We keep hearing that things are going to get worse before they get better. And that’s how my summer got after the initial excitement of starting a new job wore off and I was hit full force with the pain of change. Long story short: It was a really dark summer. Change will do that to a person.

Now it looks like it might be a really dark spring, too. And yet, having gone through my own deep pain and coming out stronger on the other side, I feel better equipped to deal with this new period of change. And I have a lot of hope.

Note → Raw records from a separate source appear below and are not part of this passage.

theorem theorem5p1:
  fixes a :: real and b :: complex
  assumes "a > 0" and "Re b \<ge> 0"
  shows "\<not> li_yorke_chaotic_H2 (comp_op (\<lambda>w. complex_of_real a * w + b))"
proof
  let ?\<phi> = "\<lambda>w. complex_of_real a * w + b"
  assume "li_yorke_chaotic_H2 (comp_op ?\<phi>)"
  then obtain S where "S \<subseteq> H2" and "uncountable S" and li_yorke_pairs:
    "\<forall>f\<in>S. \<forall>g\<in>S. f \<noteq> g \<longrightarrow>
       liminf (\<lambda>n. ereal (h2_norm ((comp_op ?\<phi> ^^ n) f - (comp_op ?\<phi> ^^ n) g))) = 0 \<and>
       limsup (\<lambda>n. ereal (h2_norm ((comp_op ?\<phi> ^^ n) f - (comp_op ?\<phi> ^^ n) g))) > 0"
    unfolding li_yorke_chaotic_H2_def by blast
  obtain f where "f \<in> S"
    using \<open>uncountable S\<close> by (metis countable_empty equals0I)
  moreover have "S \<noteq> {f}"
    using \<open>uncountable S\<close> by auto
  ultimately obtain g where "g \<in> S" "f \<noteq> g"
    by blast
  have orbit: "(comp_op ?\<phi> ^^ n) f - (comp_op ?\<phi> ^^ n) g = (f - g) \<circ> (?\<phi> ^^ n)" for n
    by (simp add: funpow_comp_op fun_eq_iff)
  have "liminf (\<lambda>n. ereal (h2_norm ((f - g) \<circ> (?\<phi> ^^ n)))) = 0"
    "limsup (\<lambda>n. ereal (h2_norm ((f - g) \<circ> (?\<phi> ^^ n)))) > 0"
    using li_yorke_pairs[rule_format, OF \<open>f \<in> S\<close> \<open>g \<in> S\<close> \<open>f \<noteq> g\<close>]
    unfolding orbit by simp_all
  moreover have "f - g \<in> H2"
    using H2_diff \<open>S \<subseteq> H2\<close> \<open>f \<in> S\<close> \<open>g \<in> S\<close> by blast
  ultimately show False
    using limsup_h2_norm_comp_funpow_affine_eq_0[OF _ assms] by simp
qed

end
lemma card_vertices_eq:
  "card vertices = m * ((q * p - p) + 3 * (p - 1)) + (q - 1 - m) * (q * p - 1)
    + (p - q - m) * (p - 1) + (q * p - p) * (q - 1)"
proof -
  let ?tot = "\<lambda>c. \<Sum>t<4. block_size c t"
  have const_sum: "(\<Sum>c\<in>{a..<b}. ?tot c) = (b - a) * k"
    if "\<And>c. a \<le> c \<Longrightarrow> c < b \<Longrightarrow> ?tot c = k" for a b k
    using that by simp
  have tot: "?tot c = (if c < m then (q * p - p) + 3 * (p - 1)
      else if c < q - 1 then q * p - 1 else if c < p - 1 - m then p - 1 else q - 1)" for c
  proof -
    have "?tot c = block_size c 0 + block_size c 1 + block_size c 2 + block_size c 3"
      by (simp add: eval_nat_numeral)
    then show ?thesis
      by (simp add: block_size_def)
  qed
  have ranges: "m \<le> q - 1" "q - 1 \<le> p - 1 - m" "p - 1 - m \<le> n_components"
    using m_le q_less_p two_p_le unfolding n_components_def by linarith+
  have lengths: "m - 0 = m" "p - 1 - m - (q - 1) = p - q - m" "n_components - (p - 1 - m) = q * p - p"
    using ranges q_less_p q_ge_2 unfolding n_components_def by linarith+
  have "card vertices = (\<Sum>c\<in>{0..<m}. ?tot c) + (\<Sum>c\<in>{m..<q - 1}. ?tot c)
      + (\<Sum>c\<in>{q - 1..<p - 1 - m}. ?tot c) + (\<Sum>c\<in>{p - 1 - m..<n_components}. ?tot c)"
    using ranges unfolding card_vertices lessThan_atLeast0
    by (simp add: sum.atLeastLessThan_concat)
  also have "(\<Sum>c\<in>{0..<m}. ?tot c) = (m - 0) * ((q * p - p) + 3 * (p - 1))"
    by (rule const_sum) (simp add: tot)
  also have "(\<Sum>c\<in>{m..<q - 1}. ?tot c) = (q - 1 - m) * (q * p - 1)"
    by (rule const_sum) (simp add: tot)
  also have "(\<Sum>c\<in>{q - 1..<p - 1 - m}. ?tot c) = (p - 1 - m - (q - 1)) * (p - 1)"
    by (rule const_sum) (use ranges in \<open>simp add: tot\<close>)
  also have "(\<Sum>c\<in>{p - 1 - m..<n_components}. ?tot c) = (n_components - (p - 1 - m)) * (q - 1)"
    by (rule const_sum) (use ranges in \<open>simp add: tot\<close>)
  finally show ?thesis
    by (simp only: lengths)
qed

Here’s some things I’ve learned since I climbed out of my deep dark hole, and what I’m doing with those lessons in this insane world we’ve found ourselves in:

  • Taking care of your health — mental, physical, emotional — is of the utmost importance. Work out. Eat nutritious food. Avoid or limit drugs and alcohol.
    • Sure, I’d love to give in and stress eat right now. It would be so easy and it would feel so good … for a little while. But it would hurt me more in the long run. I’ve lost 40 pounds since October, when I started to see some light from the bottom of my hole, and I’m not throwing that work away now.
  • The power to control your attitude, thoughts, and reactions lies within you.
    • I’ll credit taking control of my health for this one. Is it easy? Nope. Am I perfect all the time? Hell no. Some squabbles I’ve had due to stress from these current times are case in point. Stuff gets the best of me sometimes. I feel awfully ashamed when I slip up, but all I can do is apologize, whether it’s to myself or others, and move on.
  • Once you start loving yourself it’s a hell of a lot easier to love other people, too.
    • I mean, I still don’t love everybody, but it’s easier to be understanding, forgiving, interested, caring and enthusiastic for the successes of others now that I have my shit much more together. My extrovert is dying a little at having to be alone in my apartment right now, but this feels like a great time to connect and reconnect with others. I’m hopeful that on the other side of this, we’ll have a greater appreciation for each other.
  • Change, whether we make it happen or it happens to us, will be painful, but we can adapt and come out better on the other side.
    • I feel like I’m living proof of that now. It’s not easy. It hurts. There’s a lot of self examination, sweat, and tears to be had, but it will get better. It got better for me as soon as I started taking control. And in a time that’s wildly out of control, I’m going to do what I have to for both the greater good and my own personal good. I’m going to look for a brighter future somewhere beyond. It’s better than giving up and giving in to fear.

Anyway, these are just my small, perhaps meaningless thoughts I’ve been kicking around in an unprecedented time. As a writer, I figure I’d put them out there. Because to someone they might matter. Right?

I guess that’s why writers write in the first place.